(Saved data entries)
#####

(* Under the full-support assumption, the constant $C_{\bm P}$ is strictly positive; more precisely, there is a constant $c>0$ depending only on $\bm P$ such that $\|\bm P{\bm\pi}\|_\infty\ge c\,\|{\bm\pi}-p({\bm\pi})\|_1$ for every ${\bm\pi}\in\Delta(\mathbb{A})$ with all entries positive.
   Context: $\mathbb{A}$ is a finite set, $\Delta(\mathbb{A})$ the probability simplex, $\bm P\in\mathbb{R}^{\mathbb{A}\times\mathbb{A}}$ skew-symmetric. $\mathbb{M}$ is the set of Nash equilibria: ${\bm\pi}\in\Delta(\mathbb{A})$ with $\max_a(\bm P{\bm\pi})_a\le 0$. Full-support assumption: for every $a$ there exists ${\bm\pi}\in\mathbb{M}$ with $\pi_a>0$. For ${\bm\pi}$ with positive entries, $p({\bm\pi})=\arg\min_{{\bm\pi}'\in\mathbb{M}}D_{\mathrm{KL}}({\bm\pi}'\|{\bm\pi})$ (unique). $C_{\bm P}=\inf\{\|\bm P{\bm\pi}\|_\infty/\|{\bm\pi}-p({\bm\pi})\|_1:\ {\bm\pi}\in\Delta(\mathbb{A})\setminus\mathbb{M},\ \pi_a>0\ \forall a\}$. *)

theory Defs
  imports "HOL-Analysis.Analysis"
begin

definition prob_simplex :: "('a::finite \<Rightarrow> real) set" where
  "prob_simplex = {x. (\<forall>a. 0 \<le> x a) \<and> (\<Sum>a\<in>UNIV. x a) = 1}"

definition skew_symmetric :: "('a \<Rightarrow> 'a \<Rightarrow> real) \<Rightarrow> bool" where
  "skew_symmetric P \<longleftrightarrow> (\<forall>a b. P a b = - P b a)"

definition mat_vec :: "('a \<Rightarrow> 'a::finite \<Rightarrow> real) \<Rightarrow> ('a \<Rightarrow> real) \<Rightarrow> ('a \<Rightarrow> real)" where
  "mat_vec P x = (\<lambda>a. \<Sum>b\<in>UNIV. P a b * x b)"

definition norm_inf :: "('a::finite \<Rightarrow> real) \<Rightarrow> real" where
  "norm_inf v = Max (range (\<lambda>a. \<bar>v a\<bar>))"

definition norm_one :: "('a::finite \<Rightarrow> real) \<Rightarrow> real" where
  "norm_one v = (\<Sum>a\<in>UNIV. \<bar>v a\<bar>)"

definition nash_set :: "('a \<Rightarrow> 'a::finite \<Rightarrow> real) \<Rightarrow> ('a \<Rightarrow> real) set" where
  "nash_set P = {x \<in> prob_simplex. Max (range (mat_vec P x)) \<le> 0}"

definition KL :: "('a::finite \<Rightarrow> real) \<Rightarrow> ('a \<Rightarrow> real) \<Rightarrow> real" where
  "KL x' x = (\<Sum>a\<in>UNIV. if x' a = 0 then 0 else x' a * ln (x' a / x a))"

text \<open>KL projection onto the Nash set (the unique minimiser).\<close>
definition kl_proj :: "('a \<Rightarrow> 'a::finite \<Rightarrow> real) \<Rightarrow> ('a \<Rightarrow> real) \<Rightarrow> ('a \<Rightarrow> real)" where
  "kl_proj P x = (THE \<mu>. \<mu> \<in> nash_set P \<and> (\<forall>\<nu>\<in>nash_set P. KL \<mu> x \<le> KL \<nu> x))"

definition full_support :: "('a \<Rightarrow> 'a::finite \<Rightarrow> real) \<Rightarrow> bool" where
  "full_support P \<longleftrightarrow> (\<forall>a. \<exists>x\<in>nash_set P. x a > 0)"

definition C_const :: "('a \<Rightarrow> 'a::finite \<Rightarrow> real) \<Rightarrow> real" where
  "C_const P = Inf {norm_inf (mat_vec P x) / norm_one (\<lambda>a. x a - kl_proj P x a) | x.
      x \<in> prob_simplex - nash_set P \<and> (\<forall>a. x a > 0)}"

end

theory Submission
  imports Defs "HOL-Real_Asymp.Real_Asymp"
begin

text \<open>Pairing a fully supported equilibrium with \<open>P x\<close> via skew-symmetry shows that the
  equilibria are exactly the points of the simplex with \<open>P x = 0\<close>. Two Hoffman-type error
  bounds then give the theorem. First, every \<open>x\<close> in the simplex lies within \<open>C |P x|_inf\<close>
  of this polytope: subtract a small preimage of \<open>P x\<close>, add a multiple of a strictly positive
  equilibrium to restore nonnegativity, and renormalize. Second, the KL projection \<open>p\<close> of a
  positive \<open>x\<close> admits no nonzero direction \<open>c\<close> with \<open>sum c = 0\<close> and \<open>P c = 0\<close> whose signs
  agree with those of \<open>p - x\<close> on its support, since moving \<open>p\<close> against \<open>c\<close> would decrease
  \<open>KL(. || x)\<close>; and in any linear space \<open>V\<close>, a vector \<open>d \<in> V\<close> such that \<open>d - e\<close> admits no such
  sign-conformal direction in \<open>V\<close> satisfies \<open>|d|_1 \<le> C' |e|_1\<close> (induction on the number of
  coordinates not vanishing identically on \<open>V\<close>). Taking \<open>d = p - q\<close> and \<open>e = x - q\<close>, with \<open>q\<close>
  the nearby equilibrium from the first bound, gives \<open>|x - p|_1 \<le> (1 + C') C |P x|_inf\<close>.\<close>

lemma mat_vec_add: "mat_vec P (\<lambda>b. x b + y b) a = mat_vec P x a + mat_vec P y a"
  by (simp add: mat_vec_def sum.distrib algebra_simps)

lemma mat_vec_diff: "mat_vec P (\<lambda>b. x b - y b) a = mat_vec P x a - mat_vec P y a"
  by (simp add: mat_vec_def sum_subtractf algebra_simps)

lemma mat_vec_scale: "mat_vec P (\<lambda>b. t * x b) a = t * mat_vec P x a"
  by (simp add: mat_vec_def sum_distrib_left algebra_simps)

lemma mat_vec_divide: "mat_vec P (\<lambda>b. x b / t) a = mat_vec P x a / t"
  by (simp add: mat_vec_def sum_divide_distrib algebra_simps)

lemma mat_vec_eq_matrix_vector_mult:
  "mat_vec P s a = ((\<chi> i j. P i j) *v (\<chi> j. s j)) $ a"
  by (simp add: mat_vec_def matrix_vector_mult_def)

lemma skew_symmetric_pairing:
  assumes "skew_symmetric P"
  shows "(\<Sum>b\<in>UNIV. y b * mat_vec P z b) = - (\<Sum>b\<in>UNIV. z b * mat_vec P y b)"
proof -
  have "(\<Sum>b\<in>UNIV. y b * mat_vec P z b) = (\<Sum>b\<in>UNIV. \<Sum>c\<in>UNIV. y b * P b c * z c)"
    by (simp add: mat_vec_def sum_distrib_left mult.assoc)
  also have "\<dots> = (\<Sum>c\<in>UNIV. \<Sum>b\<in>UNIV. y b * P b c * z c)"
    by (rule sum.swap)
  also have "\<dots> = (\<Sum>c\<in>UNIV. \<Sum>b\<in>UNIV. - (z c * P c b * y b))"
  proof (intro sum.cong refl)
    fix c b
    have "P b c = - P c b" using assms unfolding skew_symmetric_def by blast
    then show "y b * P b c * z c = - (z c * P c b * y b)" by simp
  qed
  also have "\<dots> = - (\<Sum>b\<in>UNIV. z b * mat_vec P y b)"
    by (simp add: mat_vec_def sum_distrib_left mult.assoc sum_negf)
  finally show ?thesis .
qed

lemma norm_one_nonneg: "0 \<le> norm_one v"
  by (simp add: norm_one_def sum_nonneg)

lemma norm_one_add_le: "norm_one (\<lambda>b. f b + g b) \<le> norm_one f + norm_one g"
  unfolding norm_one_def by (simp add: sum.distrib[symmetric] sum_mono abs_triangle_ineq)

lemma norm_one_diff_le: "norm_one (\<lambda>b. f b - g b) \<le> norm_one f + norm_one g"
  unfolding norm_one_def by (simp add: sum.distrib[symmetric] sum_mono abs_triangle_ineq4)

lemma norm_one_scale: "norm_one (\<lambda>b. t * f b) = \<bar>t\<bar> * norm_one f"
  unfolding norm_one_def by (simp add: abs_mult sum_distrib_left)

lemma abs_le_norm_one: "\<bar>f a\<bar> \<le> norm_one f"
  unfolding norm_one_def by (rule member_le_sum) auto

lemma abs_le_norm_inf: "\<bar>v a\<bar> \<le> norm_inf v"
  unfolding norm_inf_def by (rule Max_ge) auto

lemma norm_inf_nonneg: "0 \<le> norm_inf v"
  using abs_le_norm_inf[of v undefined] by linarith

lemma norm_one_le_card_norm_inf: "norm_one (v::'a::finite \<Rightarrow> real) \<le> CARD('a) * norm_inf v"
  unfolding norm_one_def using sum_mono[of UNIV "\<lambda>a. \<bar>v a\<bar>" "\<lambda>_. norm_inf v"] abs_le_norm_inf
  by auto

lemma norm_one_le_card_norm: "norm_one (\<lambda>a. v $ a) \<le> CARD('a) * norm (v::real^'a)"
  unfolding norm_one_def using sum_mono[of UNIV "\<lambda>a. \<bar>v $ a\<bar>" "\<lambda>_. norm v"] component_le_norm_cart
  by auto

lemma norm_le_norm_one: "norm (\<chi> a. v a) \<le> norm_one v"
  using norm_le_l1_cart[of "\<chi> a. v a"] by (simp add: norm_one_def)

section \<open>Equilibria of a skew-symmetric game\<close>

definition kernel_simplex :: "('a \<Rightarrow> 'a::finite \<Rightarrow> real) \<Rightarrow> ('a \<Rightarrow> real) set" where
  "kernel_simplex P = {x \<in> prob_simplex. \<forall>b. mat_vec P x b = 0}"

lemma nash_set_mat_vec_nonpos:
  assumes "x \<in> nash_set P"
  shows "mat_vec P x b \<le> 0"
proof -
  have "mat_vec P x b \<le> Max (range (mat_vec P x))" by (rule Max_ge) auto
  also have "\<dots> \<le> 0" using assms by (simp add: nash_set_def)
  finally show ?thesis .
qed

lemma full_support_positive_equilibrium:
  fixes P :: "'a::finite \<Rightarrow> 'a \<Rightarrow> real"
  assumes "full_support P"
  obtains \<pi> where "\<pi> \<in> nash_set P" "\<And>a. 0 < \<pi> a"
proof -
  from assms obtain w where w: "\<And>a. w a \<in> nash_set P" "\<And>a. 0 < w a a"
    unfolding full_support_def by metis
  have w_simplex: "\<And>a b. 0 \<le> w a b" "\<And>a. (\<Sum>b\<in>UNIV. w a b) = 1"
    using w(1) by (auto simp: nash_set_def prob_simplex_def)
  define n where "n = real CARD('a)"
  have "0 < n" by (simp add: n_def)
  define \<pi> where "\<pi> = (\<lambda>b. (\<Sum>a\<in>UNIV. w a b) / n)"
  have pos: "0 < \<pi> b" for b
  proof -
    have "w b b \<le> (\<Sum>a\<in>UNIV. w a b)" by (rule member_le_sum) (auto simp: w_simplex)
    then show ?thesis using w(2)[of b] \<open>0 < n\<close> unfolding \<pi>_def by simp
  qed
  have "(\<Sum>b\<in>UNIV. \<pi> b) = (\<Sum>b\<in>UNIV. \<Sum>a\<in>UNIV. w a b) / n"
    unfolding \<pi>_def by (simp add: sum_divide_distrib)
  also have "\<dots> = (\<Sum>a\<in>UNIV. \<Sum>b\<in>UNIV. w a b) / n"
    by (subst sum.swap) (rule refl)
  finally have "\<pi> \<in> prob_simplex"
    using pos \<open>0 < n\<close> by (simp add: prob_simplex_def w_simplex n_def less_imp_le)
  moreover have "mat_vec P \<pi> b \<le> 0" for b
  proof -
    have "mat_vec P \<pi> b = (\<Sum>c\<in>UNIV. \<Sum>a\<in>UNIV. P b c * w a c) / n"
      unfolding \<pi>_def mat_vec_def by (simp add: sum_divide_distrib sum_distrib_left)
    also have "\<dots> = (\<Sum>a\<in>UNIV. mat_vec P (w a) b) / n"
      unfolding mat_vec_def by (subst sum.swap) (rule refl)
    finally show ?thesis
      using \<open>0 < n\<close> nash_set_mat_vec_nonpos[OF w(1)] by (simp add: divide_nonpos_pos sum_nonpos)
  qed
  ultimately have "\<pi> \<in> nash_set P" by (simp add: nash_set_def Max_le_iff)
  then show thesis using pos by (rule that)
qed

#####

Task instructions
Return each line of the data that contains the string "rule".

Solution to this task
    by (rule sum.swap)
  unfolding norm_one_def by (rule member_le_sum) auto
  unfolding norm_inf_def by (rule Max_ge) auto
  have "mat_vec P x b \<le> Max (range (mat_vec P x))" by (rule Max_ge) auto
    have "w b b \<le> (\<Sum>a\<in>UNIV. w a b)" by (rule member_le_sum) (auto simp: w_simplex)
    by (subst sum.swap) (rule refl)
      unfolding mat_vec_def by (subst sum.swap) (rule refl)
  then show thesis using pos by (rule that)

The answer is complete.